Ardabasto extrae de la faltriquera el pequeño pergamino y lo lee. Después,
Nícer saca la carta que ha conseguido en la corte del rey Dagoberto. Muchas
cosas concuerdan. Durante horas, los tres hombres analizan los antiguos
pergaminos, atando cabos. Así, deciden unir sus caminos y dirigirse hacia la
ciudad de Astigis, donde una mujer guarda un secreto desde largo tiempo
atrás. Una mujer que posee la clave del paradero de la copa sagrada.

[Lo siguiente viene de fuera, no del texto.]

(* Consider the single-armed lazy restless bandit described in the context. If $\rho_0<\rho_1$, $R_0<R_1$ and $\beta\in(0,1/3)$, then the bandit is indexable: for $\eta\in\mathbb{R}$ let $\mathcal{P}_\beta(\eta)=\{\pi\in[0,1]: V_S(\pi,\eta)\le V_{NS}(\pi,\eta)\}$; then $\mathcal{P}_\beta(\eta)$ increases monotonically from $\emptyset$ to $[0,1]$ as $\eta$ increases from $-\infty$ to $\infty$, i.e. $\mathcal{P}_\beta(\eta_1)\setminus\mathcal{P}_\beta(\eta_2)=\emptyset$ whenever $\eta_1\le\eta_2$.
   Context: Single-armed lazy restless bandit: an arm has a hidden state in $\{0,1\}$ evolving as a two-state Markov chain with transition probabilities $p_{i,j}$ ($i,j\in\{0,1\}$, $p_{i,0}+p_{i,1}=1$). Time is divided into sessions; during each session the chain makes exactly $K\ge1$ transitions ($K$ a fixed known integer). In each session the decision maker either plays the arm or does not. If played and the arm is in state $i$ at the start of the session, an ACK is received at the end with probability $\rho_i\in[0,1]$ and the expected reward is $R_i\in\mathbb{R}$; if not played, a subsidy $\eta\in\mathbb{R}$ is received and nothing is observed. Discount factor $\beta\in(0,1)$. The belief $\pi\in[0,1]$ is the probability that the arm is in state $0$. Define $R_S(\pi)=\pi R_0+(1-\pi)R_1$, $\rho(\pi)=\pi\rho_0+(1-\pi)\rho_1$, $\gamma_1(\pi)=\frac{(1-\pi)\rho_1p_{1,0}+\pi\rho_0p_{0,0}}{\rho_1(1-\pi)+\rho_0\pi}$, $\gamma_0(\pi)=\frac{(1-\pi)(1-\rho_1)p_{1,0}+\pi(1-\rho_0)p_{0,0}}{(1-\rho_1)(1-\pi)+(1-\rho_0)\pi}$, $\gamma_2(\pi)=(p_{0,0}-p_{1,0})^K\pi+p_{1,0}\sum_{j=0}^{K-1}(p_{0,0}-p_{1,0})^j$. For each $\eta$, the value functions $V_S(\cdot,\eta),V_{NS}(\cdot,\eta),V(\cdot,\eta)$ on $[0,1]$ are the unique bounded solution of $V_S(\pi,\eta)=R_S(\pi)+\beta\big(\rho(\pi)V(\gamma_1(\pi),\eta)+(1-\rho(\pi))V(\gamma_0(\pi),\eta)\big)$, $V_{NS}(\pi,\eta)=\eta+\beta V(\gamma_2(\pi),\eta)$, $V(\pi,\eta)=\max\{V_S(\pi,\eta),V_{NS}(\pi,\eta)\}$ (a term with zero coefficient is taken to be $0$). *)

theory Defs
  imports "HOL-Analysis.Analysis"
begin

text \<open>Parameters: p00 = p_{0,0}, p10 = p_{1,0}
  (so p_{0,1} = 1 - p00, p_{1,1} = 1 - p10), ACK probabilities rho0, rho1,
  expected rewards R0, R1, number K of transitions per session.
  The belief pi is the probability that the arm is in state 0.\<close>

definition RS :: "real \<Rightarrow> real \<Rightarrow> real \<Rightarrow> real" where
  "RS R0 R1 \<pi> = \<pi> * R0 + (1 - \<pi>) * R1"

definition rhoS :: "real \<Rightarrow> real \<Rightarrow> real \<Rightarrow> real" where
  "rhoS rho0 rho1 \<pi> = \<pi> * rho0 + (1 - \<pi>) * rho1"

definition gamma1 :: "real \<Rightarrow> real \<Rightarrow> real \<Rightarrow> real \<Rightarrow> real \<Rightarrow> real" where
  "gamma1 p00 p10 rho0 rho1 \<pi> =
     ((1 - \<pi>) * rho1 * p10 + \<pi> * rho0 * p00) / (rho1 * (1 - \<pi>) + rho0 * \<pi>)"

definition gamma0 :: "real \<Rightarrow> real \<Rightarrow> real \<Rightarrow> real \<Rightarrow> real \<Rightarrow> real" where
  "gamma0 p00 p10 rho0 rho1 \<pi> =
     ((1 - \<pi>) * (1 - rho1) * p10 + \<pi> * (1 - rho0) * p00)
       / ((1 - rho1) * (1 - \<pi>) + (1 - rho0) * \<pi>)"

definition gamma2 :: "real \<Rightarrow> real \<Rightarrow> nat \<Rightarrow> real \<Rightarrow> real" where
  "gamma2 p00 p10 K \<pi> = (p00 - p10) ^ K * \<pi> + p10 * (\<Sum>j<K. (p00 - p10) ^ j)"

text \<open>(VS, VNS, V) is a bounded (on [0,1]) solution of the Bellman system for subsidy eta.
  A term with zero coefficient is 0 automatically here (the coefficient multiplies a finite value).\<close>

definition bandit_solution ::
  "real \<Rightarrow> real \<Rightarrow> real \<Rightarrow> real \<Rightarrow> real \<Rightarrow> real \<Rightarrow> nat \<Rightarrow> real \<Rightarrow> real
   \<Rightarrow> (real \<Rightarrow> real) \<Rightarrow> (real \<Rightarrow> real) \<Rightarrow> (real \<Rightarrow> real) \<Rightarrow> bool" where
  "bandit_solution p00 p10 rho0 rho1 R0 R1 K \<beta> \<eta> VS VNS V \<longleftrightarrow>
     (\<exists>B. \<forall>\<pi>\<in>{0..1}. \<bar>VS \<pi>\<bar> \<le> B \<and> \<bar>VNS \<pi>\<bar> \<le> B \<and> \<bar>V \<pi>\<bar> \<le> B) \<and>
     (\<forall>\<pi>\<in>{0..1}.
        VS \<pi> = RS R0 R1 \<pi> + \<beta> * (rhoS rho0 rho1 \<pi> * V (gamma1 p00 p10 rho0 rho1 \<pi>)
                   + (1 - rhoS rho0 rho1 \<pi>) * V (gamma0 p00 p10 rho0 rho1 \<pi>)) \<and>
        VNS \<pi> = \<eta> + \<beta> * V (gamma2 p00 p10 K \<pi>) \<and>
        V \<pi> = max (VS \<pi>) (VNS \<pi>))"

end

theory Submission
  imports Defs
begin

text \<open>Write \<open>\<Delta> = V(\<cdot>,\<eta>\<^sub>2) - V(\<cdot>,\<eta>\<^sub>1)\<close>. All belief updates stay in \<open>[0,1]\<close> and \<open>V\<close> is a maximum
  of two terms, one carrying the subsidy, so one Bellman step gives
  \<open>sup \<Delta> \<le> max 0 (\<eta>\<^sub>2 - \<eta>\<^sub>1) + \<beta> sup \<Delta>\<close>; hence \<open>0 \<le> \<Delta> \<le> (\<eta>\<^sub>2 - \<eta>\<^sub>1)/(1 - \<beta>)\<close> for
  \<open>\<eta>\<^sub>1 \<le> \<eta>\<^sub>2\<close>. Raising the subsidy therefore raises \<open>V\<^sub>N\<^sub>S\<close> by at least \<open>\<eta>\<^sub>2 - \<eta>\<^sub>1\<close> but
  \<open>V\<^sub>S\<close> by at most \<open>\<beta>(\<eta>\<^sub>2 - \<eta>\<^sub>1)/(1 - \<beta>)\<close>, so for \<open>\<beta> < 1/2\<close> the gap \<open>V\<^sub>S - V\<^sub>N\<^sub>S\<close> decreases
  strictly and linearly in \<open>\<eta>\<close>, uniformly in the belief.\<close>

lemma weighted_mean_in_unit:
  fixes a b x y :: real
  assumes "0 \<le> a" "0 \<le> b" "x \<in> {0..1}" "y \<in> {0..1}"
  shows "(a * x + b * y) / (a + b) \<in> {0..1}"
proof -
  have "a * x \<le> a" "b * y \<le> b" using assms by (auto intro: mult_left_le)
  moreover have "0 \<le> a * x + b * y" using assms by auto
  ultimately show ?thesis
    using assms by (cases "a + b = 0") (auto simp: divide_le_eq_1)
qed

lemma sup_contraction_bound:
  fixes f :: "'a \<Rightarrow> real"
  assumes bdd: "bdd_above (f ` S)" and "\<beta> < 1"
    and step: "\<And>M x. (\<And>y. y \<in> S \<Longrightarrow> f y \<le> M) \<Longrightarrow> x \<in> S \<Longrightarrow> f x \<le> d + \<beta> * M"
    and x: "x \<in> S"
  shows "f x \<le> d / (1 - \<beta>)"
proof -
  define M where "M = (SUP y\<in>S. f y)"
  have upper: "f y \<le> M" if "y \<in> S" for y
    unfolding M_def using bdd that by (rule cSUP_upper2) simp
  have "f y \<le> d + \<beta> * M" if "y \<in> S" for y
    using step[OF upper that] .
  then have "(SUP y\<in>S. f y) \<le> d + \<beta> * M"
    using x by (intro cSUP_least) auto
  then have "M \<le> d + \<beta> * M" by (fold M_def)
  then have "M \<le> d / (1 - \<beta>)" using \<open>\<beta> < 1\<close> by (simp add: field_simps)
  with upper[OF x] show ?thesis by linarith
qed

lemma eventual_sign_of_decreasing_family:
  fixes g :: "real \<Rightarrow> 'a \<Rightarrow> real"
  assumes "0 < c" and bound: "\<And>x. x \<in> S \<Longrightarrow> \<bar>g 0 x\<bar> \<le> B"
    and decr: "\<And>\<eta>1 \<eta>2 x. \<eta>1 \<le> \<eta>2 \<Longrightarrow> x \<in> S \<Longrightarrow> g \<eta>2 x + c * (\<eta>2 - \<eta>1) \<le> g \<eta>1 x"
  obtains E where "\<And>x. x \<in> S \<Longrightarrow> 0 < g (- E) x" "\<And>x. x \<in> S \<Longrightarrow> g E x \<le> 0"
proof
  define E where "E = (max B 0 + 1) / c"
  have cE: "c * E = max B 0 + 1" and "0 \<le> E"
    unfolding E_def using \<open>0 < c\<close> by auto
  fix x assume x: "x \<in> S"
  show "0 < g (- E) x"
    using decr[OF _ x, of "- E" 0] bound[OF x] \<open>0 \<le> E\<close> cE by (simp add: algebra_simps)
  show "g E x \<le> 0"
    using decr[OF _ x, of 0 E] bound[OF x] \<open>0 \<le> E\<close> cE by (simp add: algebra_simps)
qed

locale lazy_bandit =
  fixes p00 p10 rho0 rho1 R0 R1 :: real and K :: nat and \<beta> :: real
  assumes p00: "p00 \<in> {0..1}" and p10: "p10 \<in> {0..1}"
    and rho0: "rho0 \<in> {0..1}" and rho1: "rho1 \<in> {0..1}"
    and discount: "0 \<le> \<beta>" "\<beta> < 1"
begin

abbreviation solution :: "real \<Rightarrow> (real \<Rightarrow> real) \<Rightarrow> (real \<Rightarrow> real) \<Rightarrow> (real \<Rightarrow> real) \<Rightarrow> bool"
  where "solution \<equiv> bandit_solution p00 p10 rho0 rho1 R0 R1 K \<beta>"

lemma gamma1_in_unit:
  assumes "\<pi> \<in> {0..1}" shows "gamma1 p00 p10 rho0 rho1 \<pi> \<in> {0..1}"
proof -
  have "gamma1 p00 p10 rho0 rho1 \<pi>
      = ((1 - \<pi>) * rho1 * p10 + \<pi> * rho0 * p00) / ((1 - \<pi>) * rho1 + \<pi> * rho0)"
    by (simp add: gamma1_def mult.commute)
  also have "\<dots> \<in> {0..1}"
    using assms p00 p10 rho0 rho1 by (intro weighted_mean_in_unit) auto
  finally show ?thesis .
qed

lemma gamma0_in_unit:
  assumes "\<pi> \<in> {0..1}" shows "gamma0 p00 p10 rho0 rho1 \<pi> \<in> {0..1}"
proof -
  have "gamma0 p00 p10 rho0 rho1 \<pi>
      = ((1 - \<pi>) * (1 - rho1) * p10 + \<pi> * (1 - rho0) * p00)
          / ((1 - \<pi>) * (1 - rho1) + \<pi> * (1 - rho0))"
    by (simp add: gamma0_def mult.commute)
  also have "\<dots> \<in> {0..1}"
    using assms p00 p10 rho0 rho1 by (intro weighted_mean_in_unit) auto
  finally show ?thesis .
qed

lemma gamma2_Suc:
  "gamma2 p00 p10 (Suc n) \<pi> = p00 * gamma2 p00 p10 n \<pi> + p10 * (1 - gamma2 p00 p10 n \<pi>)"
proof -
  define a where "a = p00 - p10"
  define S where "S = (\<Sum>j<n. a ^ j)"
  have "(\<Sum>j<Suc n. a ^ j) = 1 + a * S"
    unfolding S_def by (subst sum.lessThan_Suc_shift) (simp add: sum_distrib_left)
  then have "gamma2 p00 p10 (Suc n) \<pi> = a ^ Suc n * \<pi> + p10 * (1 + a * S)"
    and "gamma2 p00 p10 n \<pi> = a ^ n * \<pi> + p10 * S"
    unfolding gamma2_def S_def a_def by simp_all
  then show ?thesis by (simp add: a_def algebra_simps)
qed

El regreso de Hermenegildo
Montes pardos, matojos de poca altura, encinas dispersas que nunca formarán
la sombra compacta de un bosque; alguna laguna que parece morir de calor;
pinos enhiestos, de copa redonda; acebuches salvajes y laderas de olivos
domesticados por la mano del hombre; la serranía se abrasa. La jara está
reseca y la aulaga se adormece bajo los rayos ardientes de un sol de
comienzos del estío. Muy a lo lejos, una casita blanca en lo alto de un monte
yace como desprotegida. Es la sierra dulce y morena del sur, por donde
caminan un anciano alto y musculoso, otro hombre más joven y un monje
ciego, hermanados entre sí bajo la luz de un astro esplendente. Nadie diría que
huyen, su paso es lento. El hombre joven guía el caballo y, tras él, monta el
ciego. A su lado, camina Nícer. Ya no evitan el paso por las ciudades. Varios
días atrás en un poblado, Ardabasto escuchó un rumor: el rey Swinthila había
sido derrocado, todas sus órdenes habían prescrito. En los pueblos se hablaba
únicamente del nuevo rey: Sisenando.
La calzada asciende una cuesta, dobla una curva y, al fin, ante ellos, un río,
el antiguo río Sannil[36] y, al frente, unas murallas. Han llegado a la ciudad de
Astigis[37]. En ella se alzan campanarios y torres de iglesias por doquier. La
calzada entra en la villa cruzando un puente de amplias arcadas. En el calor
del verano, el caudal ha decrecido, los juncos se doblan hacia la ribera
cenagosa.
Pasadas las puertas de la muralla, encuentran una pequeña plazoleta con
una fuente, en la que las mujeres llenan sus cántaros de agua y beben las
bestias.
Mientras el animal abreva, Nícer se dirige a una de las mujeres,
preguntándole por el convento de las monjas; le señalan una de las travesías
que parten de la plazoleta, para que prosigan por allí.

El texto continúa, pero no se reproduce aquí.